(* Let $p$ be a probability rule for unnormalised quantum many-worlds theory satisfying Axioms (A1)–(A3). Then for every allowed state $v=\sum_n v_n\lvert n\rangle$ and every $n\ge0$, $p_n(v)=\dfrac{|v_n|^2}{\sum_m|v_m|^2}$.
   Context: Unnormalised quantum many-worlds theory is defined as follows. The worlds are the vectors $\lvert n\rangle$, $n\in\{0,1,2,\dots\}$, of a countably infinite orthonormal basis of a complex Hilbert space. The allowed states are the vectors $v=\sum_n v_n\lvert n\rangle$ with $0<\sum_n|v_n|^2<\infty$, where $v_n=\langle n\vert v\rangle$ is the amplitude of world $n$. The allowed transformations are all unitary operators $T$, with matrix elements $T_{ij}=\langle i\rvert T\lvert j\rangle$. A probability rule assigns to each allowed state $v$ a sequence $(p_n(v))_{n\ge 0}$ of nonnegative reals with $\sum_n p_n(v)=1$. The axioms are: (A1) Present state dependence: $p_n$ depends only on the present state $v$, so $p$ is a function of the state alone. (A2) Weak connection with amplitudes: for every allowed state $v$, $v_n=0$ implies $p_n(v)=0$. (A3) Weak connection with transformations: for every allowed state $v$ and allowed transformation $T$, and every partition of $\{0,1,2,\dots\}$ into subsets $\mathcal S_k$ such that $T_{ij}=0$ whenever $i$ and $j$ lie in different subsets, we have $\sum_{n\in\mathcal S_k}p_n(v)=\sum_{n\in\mathcal S_k}p_n(Tv)$ for every $k$. *)

theory Defs
  imports "HOL-Analysis.Analysis"
begin

text \<open>Vectors of the Hilbert space are represented by their amplitude sequences
  v :: nat \<Rightarrow> complex, v n = amplitude of world n; the Hilbert space is l2(nat).\<close>

definition sq_summable :: "(nat \<Rightarrow> complex) \<Rightarrow> bool" where
  "sq_summable v \<longleftrightarrow> summable (\<lambda>n. (cmod (v n))\<^sup>2)"

definition sqnorm :: "(nat \<Rightarrow> complex) \<Rightarrow> real" where
  "sqnorm v = (\<Sum>n. (cmod (v n))\<^sup>2)"

definition allowed_state :: "(nat \<Rightarrow> complex) \<Rightarrow> bool" where
  "allowed_state v \<longleftrightarrow> sq_summable v \<and> sqnorm v > 0"

definition unitary_op :: "((nat \<Rightarrow> complex) \<Rightarrow> (nat \<Rightarrow> complex)) \<Rightarrow> bool" where
  "unitary_op T \<longleftrightarrow>
     (\<forall>v. sq_summable v \<longrightarrow> sq_summable (T v)) \<and>
     (\<forall>v w. sq_summable v \<longrightarrow> sq_summable w \<longrightarrow> T (\<lambda>n. v n + w n) = (\<lambda>n. T v n + T w n)) \<and>
     (\<forall>c v. sq_summable v \<longrightarrow> T (\<lambda>n. c * v n) = (\<lambda>n. c * T v n)) \<and>
     (\<forall>v. sq_summable v \<longrightarrow> sqnorm (T v) = sqnorm v) \<and>
     (\<forall>w. sq_summable w \<longrightarrow> (\<exists>v. sq_summable v \<and> T v = w))"

definition ket :: "nat \<Rightarrow> nat \<Rightarrow> complex" where
  "ket j = (\<lambda>k. if k = j then 1 else 0)"

definition mat_el :: "((nat \<Rightarrow> complex) \<Rightarrow> (nat \<Rightarrow> complex)) \<Rightarrow> nat \<Rightarrow> nat \<Rightarrow> complex" where
  "mat_el T i j = T (ket j) i"

text \<open>A probability rule (A1: a function of the present state only).\<close>
definition prob_rule :: "((nat \<Rightarrow> complex) \<Rightarrow> nat \<Rightarrow> real) \<Rightarrow> bool" where
  "prob_rule p \<longleftrightarrow> (\<forall>v. allowed_state v \<longrightarrow> (\<forall>n. p v n \<ge> 0) \<and> p v sums 1)"

definition axiom_A2 :: "((nat \<Rightarrow> complex) \<Rightarrow> nat \<Rightarrow> real) \<Rightarrow> bool" where
  "axiom_A2 p \<longleftrightarrow> (\<forall>v n. allowed_state v \<longrightarrow> v n = 0 \<longrightarrow> p v n = 0)"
== == ==
What the task requires
In the listing above, locate the line containing "(\<forall>v. sq_summable v \<longrightarrow> sq_summable" and the line containing "(\<forall>v w. sq_summable". Extract those two lines and every line between them, exactly as written, and only those.

Answer for this exercise
     (\<forall>v. sq_summable v \<longrightarrow> sq_summable (T v)) \<and>
     (\<forall>v w. sq_summable v \<longrightarrow> sq_summable w \<longrightarrow> T (\<lambda>n. v n + w n) = (\<lambda>n. T v n + T w n)) \<and>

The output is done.